X = X[:NTSNE].reshape(-1, 28, 28, 1) / 255.0
Y = Y[:NTSNE].astype('int')
[19]:
from sklearn.manifold import TSNE
V = state.apply_fn({'params' : state.params}, X)
tsne = TSNE(n_components=2).fit_transform(V)

/Users/lawrencestewart/miniconda3/envs/m1/lib/python3.9/site-packages/sklearn/manifold/_t_sne.py:795: FutureWarning: The default initialization in TSNE will change from 'random' to 'pca' in 1.2.
  warnings.warn(
/Users/lawrencestewart/miniconda3/envs/m1/lib/python3.9/site-packages/sklearn/manifold/_t_sne.py:805: FutureWarning: The default learning rate in TSNE will change from 200.0 to 'auto' in 1.2.
  warnings.warn(
[20]:
TSNE_COLORS = [
    '#a6cee3','#1f78b4','#b2df8a','#33a02c','#fb9a99','#e31a1c','#fdbf6f',
    '#ff7f00','#cab2d6','#6a3d9a',
]

color_map = np.array([TSNE_COLORS[i] for i in range(10)])

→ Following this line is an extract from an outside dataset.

(* Let $N$ be a positive even integer, $\alpha,\beta$ real with $(1-\alpha/2)_k\neq0$ for $k\le N/2$, and put $\eta=\tfrac12-\tfrac{\alpha+\beta}{4}$, $\tau=2N+2-\alpha-\beta$. Let $P_n$ be the monic dual $-1$ Hahn polynomials defined in the context. Then, as polynomial identities in $x$: for $0\le n\le N/2$, $$P_{2n}(x-1)=16^n(-N/2)_n(1-\alpha/2)_n\;{}_3F_2\!\left(\begin{matrix}-n,\ \eta+\tfrac x4,\ \eta-\tfrac x4\\ -\tfrac N2,\ 1-\tfrac\alpha2\end{matrix};1\right),$$ and for $0\le n\le N/2-1$, $$P_{2n+1}(x-1)=16^n(1-N/2)_n(1-\alpha/2)_n\,(x-\tau)\;{}_3F_2\!\left(\begin{matrix}-n,\ \eta+\tfrac x4,\ \eta-\tfrac x4\\ 1-\tfrac N2,\ 1-\tfrac\alpha2\end{matrix};1\right).$$
   Context: $(c)_k=c(c+1)\cdots(c+k-1)$, $(c)_0=1$, and ${}_3F_2\!\left(\begin{matrix}-n,a_2,a_3\\ b_1,b_2\end{matrix};1\right)=\sum_{k=0}^n\frac{(-n)_k(a_2)_k(a_3)_k}{(b_1)_k(b_2)_k\,k!}$. For $N$ even and $\sigma=\alpha+\beta$: $b_n^{(-1)}=2N+1-\sigma$ for $n$ even, $b_n^{(-1)}=-2N-3+\sigma$ for $n$ odd; $u_n^{(-1)}=4n(\alpha-n)$ for $n$ even, $u_n^{(-1)}=4(N-n+1)(n+\beta-N-1)$ for $n$ odd. The monic dual $-1$ Hahn polynomials are defined by $P_{-1}=0$, $P_0=1$, $P_{n+1}(x)=(x-b_n^{(-1)})P_n(x)-u_n^{(-1)}P_{n-1}(x)$ for $n\ge0$. *)

theory Defs
  imports "HOL-Analysis.Analysis" "HOL-Computational_Algebra.Polynomial"
begin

plt.scatter(tsne[:, 0], tsne[:, 1], color=color_map[Y], marker='.', alpha=0.4)
plt.title(f'tSNE of {NTSNE} MNIST data embeddings')
plt.xticks([])
plt.yticks([])
[20]:
([], [])
../_images/examples_cnn-mnist_37_1.png

The differentiable clustering methodology comes from the following paper:

[Stewart et al. 2023] - Differentiable Clustering with Perturbed Random Forests, Advances in Neural Information Processing Systems 2023.